lemma eval_form_permute:
  assumes B: "is_pform n p B" and \<rho>: "\<rho> permutes {..<p}"
  shows "eval_form n p B (v \<circ> \<rho>) = of_int (sign \<rho>) * eval_form n p B v"
proof -
  let ?perm = "\<lambda>xs. map (\<lambda>k. xs ! \<rho> k) [0..<p]"
  have "of_int (sign \<rho>) * B xs * (\<Prod>k<p. v k (xs ! k))
      = B (?perm xs) * (\<Prod>k<p. v (\<rho> k) (?perm xs ! k))" if "xs \<in> idx n p" for xs
  proof -
    have "(\<Prod>k<p. v k (xs ! k)) = (\<Prod>k<p. v (\<rho> k) (xs ! \<rho> k))"
      using prod.permute[OF \<rho>, of "\<lambda>k. v k (xs ! k)"] by simp
    also have "\<dots> = (\<Prod>k<p. v (\<rho> k) (?perm xs ! k))"
      by (rule prod.cong) auto
    finally show ?thesis
      using B that \<rho> unfolding is_pform_def by auto
  qed
  then have "of_int (sign \<rho>) * eval_form n p B v
      = (\<Sum>xs \<in> idx n p. B (?perm xs) * (\<Prod>k<p. v (\<rho> k) (?perm xs ! k)))"
    unfolding eval_form_def sum_distrib_left by (simp add: mult.assoc)
  also have "\<dots> = eval_form n p B (v \<circ> \<rho>)"
    unfolding eval_form_def o_def
    by (rule sum_idx_permute[OF \<rho>, where h="\<lambda>xs. B xs * (\<Prod>k<p. v (\<rho> k) (xs ! k))"])
  finally show ?thesis ..
qed

lemma eval_form_repeated:
  assumes B: "is_pform n p B" and "i < p" "j < p" "i \<noteq> j" "v i = v j"
  shows "eval_form n p B v = (0::'k::field_char_0)"
proof -
  have "v \<circ> transpose i j = v"
    using \<open>v i = v j\<close> by (auto simp: fun_eq_iff transpose_def)
  then have "eval_form n p B v = - eval_form n p B v"
    using eval_form_permute[OF B permutes_swap_id[of i "{..<p}" j], of v] assms(2-4)
    by (simp add: sign_swap_id)
  then show ?thesis by simp
qed
(* Let $(\Omega,\Sigma,\mu)$ be a finite measure space and let $X(\mu)$ be a strictly rectangular function space. For every $f\in L^0(\mu)$, the norm of $X(\mu)$ is strictly monotone on $S(f,X(\mu))$ (i.e. $\|g\|\le\|h\|$ whenever $g,h\in S(f,X(\mu))$ and $0\le g\le h$), and $$\||g|-|h|\|\le 4\|g-h\|\quad\text{for all } g,h\in S(f,X(\mu)).$$ If moreover $f\in X(\mu)$, then for all $s\in S(\Sigma)$ and $g\in S(f,X(\mu))$, $$\||sg|\|\le\|s\|_\infty\||g|\|,\qquad \|sg\|\le 4\|s\|_\infty\|g\|.$$
   Context: $L^0(\mu)$ is the space of equivalence classes (modulo $\mu$-a.e. equality) of real $\Sigma$-measurable functions, ordered $\mu$-a.e. A strictly rectangular function space is a vector subspace $X(\mu)\subseteq L^0(\mu)$ with a norm such that $\chi_Ah\in X(\mu)$ and $\|\chi_Ah\|\le\|h\|$ for all $h\in X(\mu)$, $A\in\Sigma$. $S(\Sigma)$ is the space of real $\Sigma$-simple functions, $\|\cdot\|_\infty$ the $L^\infty(\mu)$ norm. For $f\in L^0(\mu)$: $\Sigma_f=\{A\in\Sigma: f\chi_A\in X(\mu)\}$, $S(f,X(\mu))=\operatorname{span}\{f\chi_A:A\in\Sigma_f\}$. *)

theory Defs
  imports "HOL-Analysis.Analysis" "HOL-Probability.Essential_Supremum"
begin

text \<open>Elements of L0(M) are represented by Borel measurable real functions; the
  function space X is a set of such functions closed under a.e. equality, and the
  norm N is invariant under a.e. equality (so it is really a norm on classes).\<close>

definition strictly_rectangular_fs ::
  "'a measure \<Rightarrow> ('a \<Rightarrow> real) set \<Rightarrow> (('a \<Rightarrow> real) \<Rightarrow> real) \<Rightarrow> bool" where
  "strictly_rectangular_fs M X N \<longleftrightarrow>
     X \<subseteq> borel_measurable M \<and>
     (\<forall>f\<in>X. \<forall>g\<in>borel_measurable M. (AE x in M. f x = g x) \<longrightarrow> g \<in> X \<and> N g = N f) \<and>
     (\<lambda>x. 0) \<in> X \<and>
     (\<forall>f\<in>X. \<forall>g\<in>X. (\<lambda>x. f x + g x) \<in> X) \<and>
     (\<forall>f\<in>X. \<forall>c::real. (\<lambda>x. c * f x) \<in> X) \<and>
     (\<forall>f\<in>X. 0 \<le> N f) \<and>
     (\<forall>f\<in>X. N f = 0 \<longleftrightarrow> (AE x in M. f x = 0)) \<and>
     (\<forall>f\<in>X. \<forall>c::real. N (\<lambda>x. c * f x) = \<bar>c\<bar> * N f) \<and>
     (\<forall>f\<in>X. \<forall>g\<in>X. N (\<lambda>x. f x + g x) \<le> N f + N g) \<and>
     (\<forall>h\<in>X. \<forall>A\<in>sets M. (\<lambda>x. indicator A x * h x) \<in> X \<and>
                         N (\<lambda>x. indicator A x * h x) \<le> N h)"

definition Sigma_f :: "'a measure \<Rightarrow> ('a \<Rightarrow> real) set \<Rightarrow> ('a \<Rightarrow> real) \<Rightarrow> 'a set set" where
  "Sigma_f M X f = {A \<in> sets M. (\<lambda>x. f x * indicator A x) \<in> X}"
(* Let $u,v\in\{m_1,\dots,m_{k+1}\}^*$. Then there exists a state $s\in\mathcal S_k$ with $u\ast s=v\ast s\neq\varnothing$ if and only if $u\sim v$.
   Context: Fix $k\ge 0$. A system of $k$ stacks in series consists of an input queue, stacks $1,\dots,k$, and an output queue. A state records the contents of each stack and each queue (finitely many distinct labelled elements); there is one additional "illegal" state $\varnothing$; $\mathcal S_k$ denotes the set of all states including $\varnothing$. The moves are $m_1,\dots,m_{k+1}$: $m_i$ ($1\le i\le k$) pushes an element onto stack $i$, taking it from the front of the input queue if $i=1$ and popping it from the top of stack $i-1$ if $i>1$; $m_{k+1}$ pops the top of stack $k$ and enqueues it at the back of the output queue. For a word $w$ and state $s$, $w\ast s$ is obtained by applying the moves of $w$ left to right, with $w\ast s=\varnothing$ if some move is illegal and $w\ast\varnothing=\varnothing$. For words $x,y$ define $x\sim y$ iff $x\ast s=y\ast s$ for all $s\in\mathcal S_k$. *)

theory Defs
  imports Main
begin

text \<open>A (legal) state of k stacks in series: (input queue, stacks 1..k, output queue). The front of the input queue is
  its head, the top of a stack is its head, the back of the output queue is its last
  element. The illegal state is None.\<close>

type_synonym state = "(nat list \<times> nat list list \<times> nat list) option"

definition states :: "nat \<Rightarrow> state set" where
  "states k = {None} \<union>
     {Some (inp, sts, out) | inp sts out. length sts = k \<and> distinct (inp @ concat sts @ out)}"

text \<open>Move m_i (1 \<le> i \<le> k+1): container 0 is the input queue, containers 1..k are the
  stacks, container k+1 is the output queue; m_i moves one element from container i-1
  to container i.\<close>
definition move :: "nat \<Rightarrow> nat \<Rightarrow> state \<Rightarrow> state" where
  "move k i s = (case s of None \<Rightarrow> None
     | Some (inp, sts, out) \<Rightarrow>
        (if i < 1 \<or> k + 1 < i then None else
         (let src = (if i = 1 then inp else sts ! (i - 2)) in
          (if src = [] then None else
           (let x = hd src;
                inp2 = (if i = 1 then tl src else inp);
                sts2 = (if i = 1 then sts else sts[i - 2 := tl src])
            in (if i \<le> k then Some (inp2, sts2[i - 1 := x # (sts2 ! (i - 1))], out)
                else Some (inp2, sts2, out @ [x])))))))"
lemma not_set_integrable_one_Ici: "\<not> set_integrable lborel {a::real..} (\<lambda>_. 1::real)"
proof
  assume "set_integrable lborel {a..} (\<lambda>_. 1::real)"
  then have "emeasure lborel {a..} < \<infinity>"
    by (simp add: set_integrable_def integrable_indicator_iff)
  define m where "m = measure lborel {a..}"
  have "emeasure lborel {a..} = ennreal m"
    using \<open>emeasure lborel {a..} < \<infinity>\<close>
    by (simp add: m_def emeasure_eq_ennreal_measure less_top)
  moreover have "emeasure lborel {a..a + (m + 1)} \<le> emeasure lborel {a..}"
    by (rule emeasure_mono) auto
  moreover have "m \<ge> 0"
    by (simp add: m_def)
  ultimately show False
    by (simp add: ennreal_le_iff)
qed

lemma set_integrable_const_Ici_iff:
  "set_integrable lborel {a::real..} (\<lambda>_. K::real) \<longleftrightarrow> K = 0"
  using set_integrable_mult_right_iff[of K lborel "{a..}" "\<lambda>_. 1::real"]
    not_set_integrable_one_Ici[of a]
  by (cases "K = 0") (auto simp: set_integrable_def)

lemma set_integrable_exp_Ici:
  fixes k c :: real
  assumes "k > 0"
  shows "set_integrable lborel {c..} (\<lambda>x. exp (- k * x))"
proof -
  have "(\<lambda>x. exp (- k * x)) absolutely_integrable_on {c..}"
    using assms
    by (intro nonnegative_absolutely_integrable_1 integrable_on_exp_minus_to_infinity) auto
  then show ?thesis
    by (simp add: absolutely_integrable_on_def set_integrable_def integrable_completion)
qed

lemma set_integrable_exp_combination_Ici_iff:
  fixes A B k a :: real
  assumes "k > 0" "A \<ge> 0" "B \<ge> 0"
  shows "set_integrable lborel {a..} (\<lambda>x. A * exp (- k * (x - a)) + B * exp (k * (x - a)))
         \<longleftrightarrow> B = 0"
    (is "set_integrable lborel {a..} ?F \<longleftrightarrow> _")
proof
  assume "set_integrable lborel {a..} ?F"
  then have "set_integrable lborel {a..} (\<lambda>_. B)"
  proof (rule set_integrable_bound)
    show "set_borel_measurable lborel {a..} (\<lambda>_. B)"
      by (simp add: set_borel_measurable_def)
    have "B \<le> ?F x" if "x \<ge> a" for x
    proof -
      have "B \<le> B * exp (k * (x - a))"
        using that assms by (simp add: mult_le_cancel_left1)
      then show ?thesis
        using assms by (smt (verit) exp_gt_zero mult_nonneg_nonneg)
    qed
    then show "AE x in lborel. x \<in> {a..} \<longrightarrow> norm B \<le> norm (?F x)"
      using assms by (intro AE_I2) auto
  qed
  then show "B = 0"
    by (simp add: set_integrable_const_Ici_iff)
next
  assume "B = 0"
  have "set_integrable lborel {a..} (\<lambda>x. (A * exp (k * a)) * exp (- k * x))"
    using set_integrable_exp_Ici[OF \<open>k > 0\<close>] by simp
  moreover have "(A * exp (k * a)) * exp (- k * x) = ?F x" for x
    using \<open>B = 0\<close> by (simp add: algebra_simps flip: exp_add)
  ultimately show "set_integrable lborel {a..} ?F"
    by simp
qed

lemma set_integrable_Ioi_iff_Ici:
  fixes F :: "real \<Rightarrow> real"
  assumes F: "continuous_on {0..} F" and "a > 0"
  shows "set_integrable lborel {0<..} F \<longleftrightarrow> set_integrable lborel {a..} F"
proof
  show "set_integrable lborel {0<..} F \<Longrightarrow> set_integrable lborel {a..} F"
    by (rule set_integrable_subset) (use \<open>a > 0\<close> in auto)
next
  assume "set_integrable lborel {a..} F"
  moreover have "set_integrable lborel {0..a} F"
    by (rule borel_integrable_atLeastAtMost'[OF continuous_on_subset[OF F]]) auto
  ultimately have "set_integrable lborel ({0..a} \<union> {a..}) F"
    by (intro set_integrable_Un) auto
  then show "set_integrable lborel {0<..} F"
    by (rule set_integrable_subset) auto
qed

lemma norm_power2_vec2: "(norm (v :: complex^2))\<^sup>2 = (cmod (v $ 1))\<^sup>2 + (cmod (v $ 2))\<^sup>2"
  by (simp add: norm_vec_def L2_set_def sum_2)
○ ○ ○ ○ ○
Looking at the entries above, state the number of lines that contain "union" and add nothing more.

2